Theatre Review: ‘South Pacific’ at City Springs Theatre Company

City Springs Theatre Company’s production of Rodgers and Hammerstein’s “South Pacific,” performed at the beautiful new 1,070-seat Byers Theatre, is one of those shows that one feels truly privileged to have seen. It runs through March 17, and I’d like to urge any real fan of musical theatre to try to get a ticket; it’s close to selling out, so I wouldn’t delay.

City Springs has spared no expense in making this a memorable experience: Broadway’s wonderful Baayork Lee, whom I was fortunate enough to see in the original cast of “A Chorus Line,” is the director and choreographer. Brandt Blocker, the Artistic Director and Conductor, has assembled a 25-piece orchestra that will have you blissed out before the gorgeous overture is finished.

Many will know that “South Pacific” is a treasure of American musical theatre; it premiered on Broadway in 1949; its portrayal of Americans stationed in a faraway culture in wartime is, sadly, as relevant today as when it first thrilled audiences four years after the end of World War II. It ran for years; then, the Rodgers and Hammerstein organization did not allow a Broadway revival until the 2008 Lincoln Center production which I was fortunate enough to see. This Pulitzer Prize-winning, deeply felt musical drama, not surprisingly, won a Tony for Best Musical Revival. It was heavenly.

Happily, so is City Spring’s production. The songs are supremely romantic: “Some Enchanted Evening,” Wonderful Guy,” “Younger Than Springtime,” “This Nearly Was Mine,” but also fun: “Bloody Mary,” “There Is Nothin’ Like a Dame,” “Honey Bun,” “I’m Gonna Wash Wash That Man Right Outa My Hair.” You may have forgotten how war and racism play a important part here; the show seems strangely contemporary.

The performers are close to perfection: Broadway’s William Michals and Kristine Reese play leading parts of Emile de Becque, the French planter who is searching for his own paradise; and Ensign Nellie Forbush, the Navy nurse from Little Rock whose romance with de Becque runs aground when she learns of his children with a Polynesian woman (now deceased). Nellie’s opening number (“the girl’s first song,” showbiz folks call it) is the irresistible “A Cockeyed Optimist.” You love Nellie from this moment on; and Ms. Reese’s charm and crystalline voice are magnetic.

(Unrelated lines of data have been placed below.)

text \<open>The cover interval with the rightmost end reaches \<open>q\<close>, and the others cover what lies to
  its left.\<close>
lemma mono_diff_le_sum_of_cover:
  fixes F :: "real \<Rightarrow> real"
  assumes F: "mono F" and K: "finite K" and E: "finite E"
    and LR: "\<And>b. b \<in> K \<Longrightarrow> L b \<le> R b"
    and cover: "\<And>t. p < t \<Longrightarrow> t < q \<Longrightarrow> t \<notin> E \<Longrightarrow> \<exists>b\<in>K. L b \<le> t \<and> t \<le> R b"
  shows "F q - F p \<le> (\<Sum>b\<in>K. F (R b) - F (L b))"
  using K LR cover
proof (induction K arbitrary: q rule: finite_remove_induct)
  case empty
  have "\<not> p < q" using exists_between_notin_finite[OF _ E] empty.prems by blast
  then show ?case using F by (simp add: monoD)
next
  case (remove K)
  have nonneg: "0 \<le> F (R b) - F (L b)" if "b \<in> K" for b
    using remove.prems(1)[OF that] F by (simp add: monoD)
  have "Max (R ` K) \<in> R ` K" using remove.hyps(1,2) by simp
  then obtain b0 where b0: "b0 \<in> K" "R b0 = Max (R ` K)" by (metis imageE)
  have R_le: "R b \<le> R b0" if "b \<in> K" for b
    using b0(2) remove.hyps(1) that by simp
  have sum_K: "(\<Sum>b\<in>K. F (R b) - F (L b)) = (F (R b0) - F (L b0)) + (\<Sum>b\<in>K - {b0}. F (R b) - F (L b))"
    using b0(1) remove.hyps(1) by (simp add: sum.remove)
  show ?case
  proof (cases "p < q")
    case False
    moreover have "0 \<le> (\<Sum>b\<in>K. F (R b) - F (L b))" by (rule sum_nonneg) (rule nonneg)
    moreover have "F q \<le> F p" using False F by (simp add: monoD)
    ultimately show ?thesis by linarith
  next
    case True
    have q_R: "q \<le> R b0"
    proof (rule ccontr)
      assume "\<not> q \<le> R b0"
      then obtain t where t: "max p (R b0) < t" "t < q" "t \<notin> E"
        using exists_between_notin_finite[OF _ E, of "max p (R b0)" q] True by auto
      then obtain b where "b \<in> K" "t \<le> R b" using remove.prems(2) by force
      then show False using R_le t(1) by fastforce
    qed
    define c where "c = min q (L b0)"
    have "F c - F p \<le> (\<Sum>b\<in>K - {b0}. F (R b) - F (L b))"
    proof (rule remove.IH[OF b0(1)])
      fix t assume "p < t" "t < c" "t \<notin> E"
      then obtain b where "b \<in> K" "L b \<le> t" "t \<le> R b" using remove.prems(2) c_def by auto
      moreover have "b \<noteq> b0" using \<open>t < c\<close> \<open>L b \<le> t\<close> c_def by auto
      ultimately show "\<exists>b\<in>K - {b0}. L b \<le> t \<and> t \<le> R b" by blast
    qed (use remove.prems(1) in auto)
    moreover have "F q - F c \<le> F (R b0) - F (L b0)"
    proof (cases "q \<le> L b0")
      case True
      then show ?thesis using nonneg[OF b0(1)] by (simp add: c_def)
    next
      case False
      then show ?thesis using F q_R by (simp add: c_def monoD)
    qed
    ultimately show ?thesis using sum_K by linarith
  qed
qed

lemma valuation_le_sum_overlapping:
  assumes v: "valuation v" and I: "allocation n I" and J: "cake_interval J"
  shows "v J \<le> (\<Sum>b\<in>{b\<in>{..<n}. \<not> idisjoint (I b) J}. v (I b))"
proof -
  define K where "K = {b\<in>{..<n}. \<not> idisjoint (I b) J}"
  define E where "E = (\<Union>b\<in>{..<n} - K. I b \<inter> J)"
  have I_ci: "cake_interval (I b)" if "b < n" for b using I that by (simp add: allocation_def)
  have "finite E" unfolding E_def
  proof (intro finite_UN_I)
    fix b assume "b \<in> {..<n} - K"
    then obtain p where "I b \<inter> J \<subseteq> {p}" by (auto simp: K_def idisjoint_def)
    then show "finite (I b \<inter> J)" using finite_subset by blast
  qed simp
  have "cake_cdf v (right_end J) - cake_cdf v (left_end J)
      \<le> (\<Sum>b\<in>K. cake_cdf v (right_end (I b)) - cake_cdf v (left_end (I b)))"
  proof (rule mono_diff_le_sum_of_cover[OF mono_cake_cdf[OF v] _ \<open>finite E\<close>])
    fix t assume t: "left_end J < t" "t < right_end J" "t \<notin> E"
    then have "t \<in> J" using cake_interval_ends(5)[OF J] by auto
    then have "t \<in> (\<Union>b<n. I b)" using I J by (auto simp: allocation_def cake_interval_def)
    then obtain b where "b < n" "t \<in> I b" by blast
    moreover have "b \<in> K"
    proof (rule ccontr)
      assume "b \<notin> K"
      then have "t \<in> E" using \<open>b < n\<close> \<open>t \<in> I b\<close> \<open>t \<in> J\<close> by (auto simp: E_def)
      then show False using t(3) by contradiction
    qed
    ultimately show "\<exists>b\<in>K. left_end (I b) \<le> t \<and> t \<le> right_end (I b)"
      using cake_interval_ends(4)[OF I_ci[of b]] by (intro bexI[of _ b]) auto
  next
    fix b assume "b \<in> K"
    then show "left_end (I b) \<le> right_end (I b)" using cake_interval_ends(2)[OF I_ci] by (simp add: K_def)
  qed (simp add: K_def)
  also have "\<dots> = (\<Sum>b\<in>K. v (I b))"
    using valuation_eq_cdf_diff[OF v I_ci] by (simp add: K_def)
  finally show ?thesis using valuation_eq_cdf_diff[OF v J] by (simp add: K_def)
qed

Speaking of lush voices, Mr. Michals’ gorgeous baritone is magnificent. His rendition of “This Nearly Was Mine,” when Emile thinks he has lost Nellie, brings tears to the eyes and stops the show.

And there’s more! Yvonne Strumecki’s portrayal of Bloody Mary, an entrepreneurial islander and mother of Liat (the beautiful Cassandra Hlong), sings “Bali Ha’i” to Lt. Joe Cable (Maxim Gukhman) and other sailors. This may be the most beautiful, haunting song of yearning for “your own special island,” whatever that is to you, in all of American theatre. Ms. Strumecki is superb.

“South Pacific” keeps topping itself. Soon Mr. Gukhman’s Cable sings the sublime “Younger Than Springtime,” a song that has an unearthly beauty. (Note: Broadway’s original Nellie, Mary Martin, always said that this was her favorite song; since she didn’t get to sing it in the show, she’d constantly hum it to herself backstage.) The dashing Mr. Gukhman will not disappoint, either as actor or singer. This is true of the entire cast.

Other standouts include Chris Saltalamacchio’s Billis, Haden Rider’s Stewpot, JD Myers’ Professor, Bart Hansard’s Captain Brackett, and Steve Hudson’s Commander Harbison. And there are others; they are all in the program. Michael Yeargan’s scenic design; Mike Wood’s lighting design: thank you.

Ms. Lee’s direction has obviously inspired this talented cast. Judy Cole is the Music Director. The entire show is adapted by James A. Michener’s novel “Tales of the South Pacific.” I wish I could give credit to every person involved in the show. The beauty of “South Pacific” is largely ineffable. This production will become a legend; I hope you can see it.